“Gee, there’s nothing to it!” he murmured, drawing back and gazing up at the narrow opening through which the faint sounds evidently came. “I must get up there and have one look, at least. I then could hear, too, all that may be said. I’ll take a chance with these bars, by thunder, let come what may.”

Grasping two of them, Patsy found that they were firmly fixed in the stonework. Drawing himself up until he could place his feet on the stone sill, which was about four feet from the ground, he then stood erect and found that his eyes came directly opposite the opening at the top of the window.

Pressing nearer, still clutching the bars in order to maintain his position, with his sturdy figure outlined like a black silhouette against the lighted curtain, Patsy gazed cautiously into the room, with ears alert to catch every word that was uttered.

The room, like the exterior of the house, presented an appearance of remarkable solidarity. Huge timbers supported the dark oak ceiling, smoke-begrimed and defaced with age.

Two of the wainscoted walls were flanked with deep shelves, filled with bottles, vials, jugs, carboys, and no end of paraphernalia required in a chemist’s laboratory.

A zinc-covered table occupied one side of the room. It was littered with like articles. A Bunsen burner was in operation under a retort held in a tripod, and in which[Pg 23] a dark fluid was bubbling furiously, while drops of distillation fell slowly from the end of a metal coil into a vial placed to receive them.

All this was visible in the white light from several electric lamps, as were the faces and figures of the three occupants of the spacious room, which obviously was a chemist’s laboratory.

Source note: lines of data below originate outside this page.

(* Assume the setting of the context. Let $m\geq 0$ and $0\le k<hl^m$, and write $k=\sum_{i=0}^m k_il^i$ with $0\le k_m<h$ and $0\le k_i<l$ for $0\le i<m$. Then $$\{y_{k+nhl^m} : n\in\mathbb Z\}=\phi(\mathcal C),$$ where $\mathcal C$ is the terminal vertex of the (unique) walk in $G(\sigma)$ that starts at $\mathcal A_{k_m}$ and successively follows edges labelled $k_{m-1},k_{m-2},\dots,k_0$.
   Context: Let $\sigma:\mathcal A^*\to\mathcal A^*$ be a primitive substitution of constant length $l\ge2$ ($|\sigma(a)|=l$ for all $a$), $x\in\mathcal A^{\mathbb Z}$ an admissible two-sided fixed point of $\sigma$ (so $x_{lj+i}=\sigma(x_j)_i$ for $j\in\mathbb Z$, $0\le i<l$, where $w_i$ denotes the $i$-th letter of $w$ indexed from $0$), $\phi:\mathcal A\to\mathcal B$ a coding, $y=\phi(x)$; $(X,S)$ is the subshift generated by $x$, assumed non-periodic. The height is $h=\max\{n\ge1 : \gcd(n,l)=1,\ n \mid g_0\}$ where $g_0=\gcd\{n\ge1 : x_n=x_0\}$. For $0\le i<h$, $\mathcal A_i=\{x_{i+nh}:n\in\mathbb Z\}$; these sets partition $\mathcal A$. The graph $G(\sigma)$: vertices are subsets of $\mathcal A$; for a subset $\mathcal C$ and $0\le i<l$ there is an edge labelled $i$ from $\mathcal C$ to $\{\sigma(b)_i : b\in\mathcal C\}$; $G(\sigma)$ is restricted to the vertices reachable from $\mathcal A_0,\dots,\mathcal A_{h-1}$. For $\mathcal C\subseteq\mathcal A$, $\phi(\mathcal C)=\{\phi(c):c\in\mathcal C\}$. *)

theory Defs
  imports Main
begin

definition subst_word :: "('a \<Rightarrow> 'a list) \<Rightarrow> 'a list \<Rightarrow> 'a list" where
  "subst_word \<sigma> w = concat (map \<sigma> w)"

definition subst_iter :: "('a \<Rightarrow> 'a list) \<Rightarrow> nat \<Rightarrow> 'a list \<Rightarrow> 'a list" where
  "subst_iter \<sigma> n = (subst_word \<sigma> ^^ n)"

definition constant_length :: "('a \<Rightarrow> 'a list) \<Rightarrow> nat \<Rightarrow> bool" where
  "constant_length \<sigma> l \<longleftrightarrow> (\<forall>a. length (\<sigma> a) = l)"

definition primitive :: "('a \<Rightarrow> 'a list) \<Rightarrow> bool" where
  "primitive \<sigma> \<longleftrightarrow> (\<exists>n\<ge>1. \<forall>a b. b \<in> set (subst_iter \<sigma> n [a]))"

definition is_fixed_point :: "('a \<Rightarrow> 'a list) \<Rightarrow> nat \<Rightarrow> (int \<Rightarrow> 'a) \<Rightarrow> bool" where
  "is_fixed_point \<sigma> l x \<longleftrightarrow>
     (\<forall>j::int. \<forall>i<l. x (int l * j + int i) = \<sigma> (x j) ! i)"

definition admissible :: "('a \<Rightarrow> 'a list) \<Rightarrow> (int \<Rightarrow> 'a) \<Rightarrow> bool" where
  "admissible \<sigma> x \<longleftrightarrow>
     (\<exists>n a u v. subst_iter \<sigma> n [a] = u @ [x (-1), x 0] @ v)"

definition subshift_of :: "(int \<Rightarrow> 'a) \<Rightarrow> (int \<Rightarrow> 'a) set" where
  "subshift_of x = {z. \<forall>(i::int) (n::nat). \<exists>j::int. \<forall>t<n. z (i + int t) = x (j + int t)}"

definition periodic_seq :: "(int \<Rightarrow> 'a) \<Rightarrow> bool" where
  "periodic_seq z \<longleftrightarrow> (\<exists>p::int. p > 0 \<and> (\<forall>n. z (n + p) = z n))"

definition nonperiodic_subshift :: "(int \<Rightarrow> 'a) \<Rightarrow> bool" where
  "nonperiodic_subshift x \<longleftrightarrow> (\<forall>z\<in>subshift_of x. \<not> periodic_seq z)"

definition g0 :: "(int \<Rightarrow> 'a) \<Rightarrow> nat" where
  "g0 x = Gcd {n::nat. n \<ge> 1 \<and> x (int n) = x 0}"

definition height :: "nat \<Rightarrow> (int \<Rightarrow> 'a) \<Rightarrow> nat" where
  "height l x = (GREATEST n::nat. n \<ge> 1 \<and> coprime n l \<and> n dvd g0 x)"

definition A_class :: "nat \<Rightarrow> (int \<Rightarrow> 'a) \<Rightarrow> nat \<Rightarrow> 'a set" where
  "A_class h x i = {x (int i + n * int h) | n::int. True}"

text \<open>Edge labelled i in G(sigma) from vertex C.\<close>
definition G_step :: "('a \<Rightarrow> 'a list) \<Rightarrow> 'a set \<Rightarrow> nat \<Rightarrow> 'a set" where
  "G_step \<sigma> C i = (\<lambda>b. \<sigma> b ! i) ` C"

definition walk_end :: "('a \<Rightarrow> 'a list) \<Rightarrow> 'a set \<Rightarrow> nat list \<Rightarrow> 'a set" where
  "walk_end \<sigma> C ls = foldl (G_step \<sigma>) C ls"

end

theory Submission
  imports Defs
begin

text \<open>Reading the base-l expansion of k from the top digit down, each step
  l * j + i of the expansion is one application of the fixed-point equation
  x (l * j + i) = \<sigma> (x j) ! i. Hence the values of x on the progression
  k + h l^m \<int> are obtained from the values on the coarser progression
  (k div l) + h l^(m-1) \<int> by the edge of G(\<sigma>) labelled k mod l; after m steps
  one arrives at the progression k_m + h \<int>, whose value set is \<A>_{k_m}.\<close>

lemma fixed_point_nth:
  assumes "is_fixed_point \<sigma> l x" and "i < l"
  shows "x (int l * j + int i) = \<sigma> (x j) ! i"
  using assms unfolding is_fixed_point_def by blast

lemma G_step_progression:
  assumes "is_fixed_point \<sigma> l x" and "i < l"
  shows "G_step \<sigma> {x (a + n * d) | n::int. True} i
       = {x (int i + int l * a + n * (int l * d)) | n::int. True}"
proof -
  have "x (int i + int l * a + n * (int l * d)) = \<sigma> (x (a + n * d)) ! i" for n
    using fixed_point_nth[OF assms, of "a + n * d"] by (simp add: algebra_simps)
  then show ?thesis
    unfolding G_step_def by auto
qed

lemma walk_end_snoc: "walk_end \<sigma> C (ls @ [i]) = G_step \<sigma> (walk_end \<sigma> C ls) i"
  by (simp add: walk_end_def)

lemma rev_upt_Suc_map_Suc: "rev [0..<Suc m] = map Suc (rev [0..<m]) @ [0]"
  by (simp add: upt_conv_Cons map_Suc_upt[symmetric] rev_map del: upt_Suc)

lemma digit_sum_Suc:
  fixes kd :: "nat \<Rightarrow> nat" and l :: nat
  shows "(\<Sum>i\<le>Suc m. kd i * l ^ i) = kd 0 + l * (\<Sum>i\<le>m. kd (Suc i) * l ^ i)"
proof -
  have "(\<Sum>i\<le>Suc m. kd i * l ^ i) = kd 0 + (\<Sum>i\<le>m. kd (Suc i) * l ^ Suc i)"
    by (simp only: sum.atMost_Suc_shift) simp
  also have "\<dots> = kd 0 + l * (\<Sum>i\<le>m. kd (Suc i) * l ^ i)"
    by (simp add: sum_distrib_left algebra_simps)
  finally show ?thesis .
qed

lemma progression_values_eq_walk_end:
  assumes fp: "is_fixed_point \<sigma> l x" and digits: "\<forall>i<m. kd i < l"
  shows "{x (int (\<Sum>i\<le>m. kd i * l ^ i) + n * int h * int l ^ m) | n::int. True}
       = walk_end \<sigma> (A_class h x (kd m)) (map kd (rev [0..<m]))"
  using digits
proof (induction m arbitrary: kd)
  case 0
  then show ?case by (simp add: walk_end_def A_class_def)
next
  case (Suc m)
  let ?kd' = "\<lambda>i. kd (Suc i)"
  let ?s = "\<Sum>i\<le>m. ?kd' i * l ^ i"
  have IH: "{x (int ?s + n * int h * int l ^ m) | n::int. True}
      = walk_end \<sigma> (A_class h x (kd (Suc m))) (map ?kd' (rev [0..<m]))"
    using Suc by simp
  have "{x (int (\<Sum>i\<le>Suc m. kd i * l ^ i) + n * int h * int l ^ Suc m) | n::int. True}
      = {x (int (kd 0) + int l * int ?s + n * (int l * (int h * int l ^ m))) | n::int. True}"
  proof -
    have "int (\<Sum>i\<le>Suc m. kd i * l ^ i) + n * int h * int l ^ Suc m
        = int (kd 0) + int l * int ?s + n * (int l * (int h * int l ^ m))" for n
      by (simp only: digit_sum_Suc of_nat_add of_nat_mult) (simp add: algebra_simps)
    then show ?thesis by (simp only:)
  qed
  also have "\<dots> = G_step \<sigma> {x (int ?s + n * (int h * int l ^ m)) | n::int. True} (kd 0)"
    using G_step_progression[OF fp] Suc.prems by simp
  also have "\<dots> = walk_end \<sigma> (A_class h x (kd (Suc m))) (map kd (rev [0..<Suc m]))"
    unfolding rev_upt_Suc_map_Suc map_append list.map walk_end_snoc IH[unfolded mult.assoc]
    by (simp add: comp_def)
  finally show ?case .
qed

theorem mainTheorem13:
  fixes \<sigma> :: "'a::finite \<Rightarrow> 'a list"
    and l :: nat
    and x :: "int \<Rightarrow> 'a"
    and \<phi> :: "'a \<Rightarrow> 'b"
    and m k :: nat
    and kd :: "nat \<Rightarrow> nat"
  assumes "l \<ge> 2"
    and "constant_length \<sigma> l"
    and "primitive \<sigma>"
    and "is_fixed_point \<sigma> l x"
    and "admissible \<sigma> x"
    and "nonperiodic_subshift x"
    and "k < height l x * l ^ m"
    and "k = (\<Sum>i\<le>m. kd i * l ^ i)"
    and "kd m < height l x"
    and "\<forall>i<m. kd i < l"
  shows "{\<phi> (x (int k + n * int (height l x) * int l ^ m)) | n::int. True}
         = \<phi> ` walk_end \<sigma> (A_class (height l x) x (kd m)) (map kd (rev [0..<m]))"
proof -
  have x_values: "{x (int k + n * int (height l x) * int l ^ m) | n::int. True}
      = walk_end \<sigma> (A_class (height l x) x (kd m)) (map kd (rev [0..<m]))"
    using progression_values_eq_walk_end[OF assms(4,10)] assms(8) by simp
  show ?thesis
    unfolding x_values[symmetric] by blast
qed

end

One was a gaunt, angular man of nearly sixty, with a wrinkled, hard-featured face, thin lips, and a square jaw, a hooked nose and sunken eyes, that gleamed and glittered venomously in their cavernous sockets.

It was, plainly enough, the face of a man whose life had been a continuous round, not of enjoyments, but of disappointments, until his nature had soured and his soul rebelled, and early ambition died from his calloused heart.

Another was a woman of about the same age and of much the same aspect, as if she had been the partner of his vain hopes and consequent woes, as indeed she had. Both were cheaply and carelessly clad, bordering close upon slovenly. They were seated on common wooden chairs near the zinc-covered table.